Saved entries
lemma scale_tendsto_top:
  fixes a :: "real \<Rightarrow> real" and m :: real
  assumes m: "m > 0" and a: "filterlim a at_bot at_top"
  shows "filterlim (\<lambda>r. m * exp (- a r / m)) at_top at_top"
proof -
  have neg: "filterlim (\<lambda>r. - a r) at_top at_top" using a by (simp add: filterlim_uminus_at_bot)
  have "filterlim (\<lambda>r. 1 / m * - a r) at_top at_top"
    by (rule filterlim_tendsto_pos_mult_at_top[OF tendsto_const _ neg]) (use m in simp)
  moreover have "(\<lambda>r. - a r / m) = (\<lambda>r. 1 / m * - a r)" by auto
  ultimately have "filterlim (\<lambda>r. exp (- a r / m)) at_top at_top"
    using filterlim_compose[OF exp_at_top] by metis
  thus ?thesis by (rule filterlim_tendsto_pos_mult_at_top[OF tendsto_const m])
qed

context MA_density
begin

lemma solution_instance:
  assumes r: "r > 0" and sol: "solves_MA n r h (\<lambda>u. exp (h u) * D u)"
    and blowup: "filterlim h at_top (at_left r)"
    and even: "real_analytic_on g {0..<r\<^sup>2}" "\<forall>u\<in>{0..<r}. h u = g (u\<^sup>2)"
  shows "\<exists>h' h''. MA_solution n D F Kinf r h h' h''"
proof -
  obtain h' h'' where hh: "\<forall>u\<in>{0..<r}.
      (h has_real_derivative h' u) (at u within {0..<r}) \<and>
      (h' has_real_derivative h'' u) (at u within {0..<r}) \<and>
      h'' u * h' u ^ (n - 1) = exp (h u) * D u"
    using sol unfolding solves_MA_def by blast
  have "h' 0 = 0" by (rule even_analytic_deriv_zero[OF even(1) r even(2)]) (use hh r in auto)
  with hh r blowup have "MA_solution n D F Kinf r h h' h''"
    by (intro MA_solution.intro MA_density_axioms MA_solution_axioms.intro) auto
  thus ?thesis by blast
qed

> [Work item]: Please report how many lines in the records above contain the word "rule", and give nothing but the number.

> [Result of the exercise]: 3